Airlines Operating the JFK-LHR Route (Nov 2025 – Mar 2026)
Airline | Daily Flights |
---|---|
American Airlines | 3x daily |
British Airways | 8x daily |
Delta Air Lines | 2x daily |
JetBlue Airways | 2x daily |
Virgin Atlantic | 4x daily |
JetBlue and Delta will continue operating their twice-daily services, with JetBlue flying the Airbus A321LR and Delta deploying a mix of Airbus A330neo and Boeing 767-400 aircraft. Virgin Atlantic, on the other hand, will continue its four daily flights using the Boeing 787-9 Dreamliner. The stiff competition reflects the ongoing strong demand for travel between New York and London.
Enhanced Premium Offerings to London
As part of its strategy to cater to the growing demand for premium travel, American Airlines is increasing its premium seating options on flights to London. The airline has introduced newly configured Boeing 787-9 Dreamliners equipped with Flagship Suite business class seats, which will be deployed more frequently to Heathrow. These aircraft will also serve additional routes from Chicago O’Hare (ORD), Philadelphia (PHL), and Dallas/Fort Worth (DFW) to London.

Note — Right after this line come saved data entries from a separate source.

(* Let $\lambda_0\le0\le\lambda_1$ be real and $a<b$. Then for all $t\in[a,b]$, $$\Omega^{a,b}_{\lambda_0,\lambda_1,0}(t)\le(b-a)\left|G^{a,b}_{\lambda_0,\lambda_1}(t,t)\right|,\qquad G^{a,b}_{\lambda_0,\lambda_1}(t,t):=\frac{\Phi_{(\lambda_0,\lambda_1)}(t-b)\,\Phi_{(-\lambda_0,-\lambda_1)}(t-a)}{\Phi_{(-\lambda_0,-\lambda_1)}(b-a)}.$$
   Context: For real $\lambda_0,\dots,\lambda_N$, $L_{(\lambda_0,\dots,\lambda_N)}=\prod_{j=0}^N(\frac{d}{dt}-\lambda_j)$, $E(\lambda_0,\dots,\lambda_N)=\{f\in C^{N+1}(\mathbb{R}):L_{(\lambda_0,\dots,\lambda_N)}f=0\}$, and the fundamental function $\Phi_{(\lambda_0,\dots,\lambda_N)}$ is the unique element of $E(\lambda_0,\dots,\lambda_N)$ with $\Phi^{(k)}(0)=0$ for $0\le k\le N-1$ and $\Phi^{(N)}(0)=1$ (e.g. $\Phi_{(\lambda_0,\lambda_1)}(t)=\frac{e^{\lambda_1t}-e^{\lambda_0t}}{\lambda_1-\lambda_0}$ for $\lambda_0\ne\lambda_1$). For real $\lambda_0,\lambda_1$ and $a<b$, $\Omega^{a,b}_{\lambda_0,\lambda_1,0}$ is the unique $u\in E(\lambda_0,\lambda_1,0)$ with $u(a)=u(b)=0$ and $L_{(\lambda_0,\lambda_1)}u\equiv-1$. ($G^{a,b}_{\lambda_0,\lambda_1}(t,t)$ is the diagonal of the Green function of $L_{(\lambda_0,\lambda_1)}$ on $[a,b]$ with zero boundary conditions.) *)

theory Defs
  imports "HOL-Analysis.Analysis"
begin

definition Lfac :: "real \<Rightarrow> (real \<Rightarrow> real) \<Rightarrow> (real \<Rightarrow> real)" where
  "Lfac l f = (\<lambda>t. deriv f t - l * f t)"

definition Lop :: "real list \<Rightarrow> (real \<Rightarrow> real) \<Rightarrow> (real \<Rightarrow> real)" where
  "Lop ls f = foldr Lfac ls f"

definition Cn :: "nat \<Rightarrow> (real \<Rightarrow> real) \<Rightarrow> bool" where
  "Cn n f \<longleftrightarrow> (\<forall>k<n. \<forall>t. ((deriv ^^ k) f) differentiable (at t))
                 \<and> continuous_on UNIV ((deriv ^^ n) f)"

text \<open>E(l0,...,lN) = {f in C^{N+1}(R). L f = 0}; here N+1 = length ls.\<close>
definition Espace :: "real list \<Rightarrow> (real \<Rightarrow> real) set" where
  "Espace ls = {f. Cn (length ls) f \<and> (\<forall>t. Lop ls f t = 0)}"

definition Phi :: "real list \<Rightarrow> real \<Rightarrow> real" where
  "Phi ls = (THE f. f \<in> Espace ls \<and> (\<forall>k < length ls - 1. (deriv ^^ k) f 0 = 0)
                   \<and> (deriv ^^ (length ls - 1)) f 0 = 1)"

definition Omega :: "real \<Rightarrow> real \<Rightarrow> real \<Rightarrow> real \<Rightarrow> real \<Rightarrow> real" where
  "Omega l0 l1 a b = (THE u. u \<in> Espace [l0, l1, 0] \<and> u a = 0 \<and> u b = 0
                          \<and> (\<forall>t. Lop [l0, l1] u t = -1))"

definition Gdiag :: "real \<Rightarrow> real \<Rightarrow> real \<Rightarrow> real \<Rightarrow> real \<Rightarrow> real" where
  "Gdiag l0 l1 a b t = Phi [l0, l1] (t - b) * Phi [-l0, -l1] (t - a) / Phi [-l0, -l1] (b - a)"

end

theory Submission
  imports Defs
begin

(*
  Write x = t - a, y = b - t, F = Phi_(-l0,-l1), and let Psi, Xi be the antiderivatives of F and
  Phi_(l0,l1) vanishing at 0. Variation of parameters with the homogeneous solutions
  Phi_(l0,l1)(t - b) and Phi_(l0,l1)(t - a) gives the closed form
    Omega(t) = (F y * Psi x + e^(-(l0+l1)(b-a)) * Phi_(l0,l1) x * Xi y) / F (b - a),
  whereas G(t,t) = - F x * F y / F (b - a). For l0 <= 0 <= l1 both fundamental functions are
  nondecreasing, so Psi x <= x * F x and Xi y <= y * Phi_(l0,l1) y. Since
  e^(-(l0+l1)(x+y)) * Phi_(l0,l1) x * Phi_(l0,l1) y = F x * F y, the numerator is therefore at most
  (x + y) * F x * F y = (b - a) * F x * F y.
*)

definition fundamental :: "real \<Rightarrow> real \<Rightarrow> real \<Rightarrow> real" where
  "fundamental p q x =
     (if p = q then x * exp (p * x) else (exp (q * x) - exp (p * x)) / (q - p))"

definition fundamental' :: "real \<Rightarrow> real \<Rightarrow> real \<Rightarrow> real" where
  "fundamental' p q x = q * fundamental p q x + exp (p * x)"

lemma fundamental_0 [simp]: "fundamental p q 0 = 0"
  by (simp add: fundamental_def)

lemma fundamental_add:
  "fundamental p q (x + y) = exp (q * y) * fundamental p q x + exp (p * x) * fundamental p q y"
proof (cases "p = q")
  case False
  then have "q - p \<noteq> 0" by simp
  then show ?thesis
    using False
    by (simp add: fundamental_def distrib_left exp_add divide_simps) (simp add: algebra_simps)
qed (simp add: fundamental_def exp_add algebra_simps)

lemma fundamental_uminus_params:
  "fundamental (-p) (-q) x = exp (-(p + q) * x) * fundamental p q x"
proof -
  have "exp (-(p + q) * x) * exp (q * x) = exp (- p * x)"
    and "exp (-(p + q) * x) * exp (p * x) = exp (- q * x)"
    by (simp_all add: mult_exp_exp algebra_simps)
  then show ?thesis
    by (cases "p = q") (auto simp: fundamental_def divide_simps algebra_simps)
qed

lemma fundamental_uminus_params_mult:
  "fundamental (-p) (-q) x * fundamental (-p) (-q) y
     = exp (-(p + q) * (x + y)) * fundamental p q x * fundamental p q y"
  by (simp add: fundamental_uminus_params distrib_left exp_add)

lemma fundamental_minus: "fundamental p q (-x) = - fundamental (-p) (-q) x"
  by (cases "p = q") (auto simp: fundamental_def divide_simps algebra_simps)

lemma fundamental_wronskian:
  "fundamental' p q (-y) * fundamental (-p) (-q) x
     + exp (-(p + q) * (x + y)) * fundamental' p q x * fundamental p q y
   = fundamental (-p) (-q) (x + y)"
proof -
  have "fundamental' p q (-y) = exp (- (p * y)) - q * fundamental (-p) (-q) y"
    by (simp add: fundamental'_def fundamental_minus)
  moreover have "fundamental' p q x = q * fundamental p q x + exp (p * x)"
    by (rule fundamental'_def)
  moreover have "exp (- (p * y)) * exp (-(p + q) * x) = exp (-(p + q) * (x + y)) * exp (q * y)"
    by (simp add: algebra_simps flip: exp_add)
  moreover have "fundamental (-p) (-q) (x + y)
      = exp (-(p + q) * (x + y))
          * (exp (q * y) * fundamental p q x + exp (p * x) * fundamental p q y)"
    by (simp only: fundamental_uminus_params[of p q "x + y"] fundamental_add[of p q x y])
  ultimately show ?thesis
    using fundamental_uminus_params[of p q x] fundamental_uminus_params_mult[of p q x y] by algebra
qed

lemma fundamental_pos:
  assumes "x > 0"
  shows "fundamental p q x > 0"
proof (cases p q rule: linorder_cases)
  case less
  then show ?thesis
    using assms by (simp add: fundamental_def)
next
  case greater
  then show ?thesis
    using assms by (simp add: fundamental_def divide_neg_neg)
qed (use assms in \<open>simp add: fundamental_def\<close>)

lemma fundamental_nonneg: "x \<ge> 0 \<Longrightarrow> fundamental p q x \<ge> 0"
  using fundamental_pos[of x p q] by (cases "x = 0") auto

lemma fundamental'_pos:
  assumes "p * q \<le> 0"
  shows "fundamental' p q x > 0"
proof (cases "p = q")
  case True
  then show ?thesis
    using assms by (auto simp: fundamental'_def fundamental_def mult_le_0_iff)
next
  case False
  have "q\<^sup>2 * exp (q * x) + p\<^sup>2 * exp (p * x) > 0"
    using False by (cases "q = 0") (auto intro: add_pos_nonneg add_nonneg_pos)
  moreover have "p * q * (exp (q * x) + exp (p * x)) \<le> 0"
    by (rule mult_nonpos_nonneg[OF assms]) simp
  moreover have "(q * exp (q * x) - p * exp (p * x)) * (q - p)
      = q\<^sup>2 * exp (q * x) + p\<^sup>2 * exp (p * x) - (p * q) * (exp (q * x) + exp (p * x))"
    by (simp add: algebra_simps power2_eq_square)
  ultimately have "(q * exp (q * x) - p * exp (p * x)) * (q - p) > 0"
    by linarith
  then have "(q * exp (q * x) - p * exp (p * x)) / (q - p) > 0"
    by (simp add: zero_less_divide_iff zero_less_mult_iff)
  moreover have "(q * exp (q * x) - p * exp (p * x)) / (q - p) = fundamental' p q x"
    using False by (simp add: fundamental'_def fundamental_def divide_simps) (simp add: algebra_simps)
  ultimately show ?thesis
    by simp
qed

lemma DERIV_fundamental: "(fundamental p q has_real_derivative fundamental' p q x) (at x)"
proof (cases "p = q")
  case True
  have "((\<lambda>x. x * exp (p * x)) has_real_derivative 1 * exp (p * x) + x * (exp (p * x) * p)) (at x)"
    by (auto intro!: derivative_eq_intros)
  then show ?thesis
    using True unfolding fundamental_def fundamental'_def by (simp add: algebra_simps)
next
  case False
  have "((\<lambda>x. (exp (q * x) - exp (p * x)) / (q - p)) has_real_derivative
         (exp (q * x) * q - exp (p * x) * p) / (q - p)) (at x)"
    using False by (auto intro!: derivative_eq_intros)
  moreover have "(exp (q * x) * q - exp (p * x) * p) / (q - p) = q * fundamental p q x + exp (p * x)"
    using False by (simp add: fundamental_def divide_simps) (simp add: algebra_simps)
  ultimately show ?thesis
    using False unfolding fundamental_def fundamental'_def by simp
qed

lemma DERIV_fundamental':
  "(fundamental' p q has_real_derivative q * fundamental' p q x + p * exp (p * x)) (at x)"
  unfolding fundamental'_def[abs_def]
  by (auto intro!: derivative_eq_intros DERIV_fundamental simp: fundamental'_def algebra_simps)

declare DERIV_fundamental[THEN DERIV_chain2, derivative_intros]
  DERIV_fundamental'[THEN DERIV_chain2, derivative_intros]

lemma fundamental_ode:
  "(q * fundamental' p q x + p * exp (p * x)) - (p + q) * fundamental' p q x
     + p * q * fundamental p q x = 0"
  by (simp add: fundamental'_def algebra_simps)

lemma mono_fundamental:
  assumes "p * q \<le> 0"
  shows "mono (fundamental p q)"
proof (rule monoI)
  fix x y :: real
  assume "x \<le> y"
  then show "fundamental p q x \<le> fundamental p q y"
  proof (rule DERIV_nonneg_imp_nondecreasing)
    fix z
    show "\<exists>d. (fundamental p q has_real_derivative d) (at z) \<and> 0 \<le> d"
      using DERIV_fundamental fundamental'_pos[OF assms] less_imp_le by blast
  qed
qed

These Boeing 787-9 aircraft are configured with a premium-heavy cabin that includes 51 Flagship business class suites, 32 premium economy seats, and 161 economy seats. This setup is designed to meet the high demand for business and premium services on long-haul flights to one of the world’s busiest business travel destinations.
Additionally, American Airlines has received approval from the U.S. Federal Aviation Administration (FAA) to operate its premium-heavy Boeing 787-9 aircraft with one less cabin crew member. This adjustment allows the airline to staff these aircraft with seven crew members instead of the usual eight, helping to streamline operations while maintaining service quality on its premium flights.
Conclusion
The move by American Airlines to lower the number of flights on its JFK-LHR route for winter 2025-2026 is part of the carrier’s continual efforts to be more in tune with market demand and to stay competitive on the strategically important transatlantic sector. And yes, there will be less frequency, but American will still offer a premium experience, with premium seating on its newly reconfigured aircraft. The interline agreement with British Airways means that customers will continue to have a wide range of choice of flights, competition and service to support one of the world’s most popular travel destinations.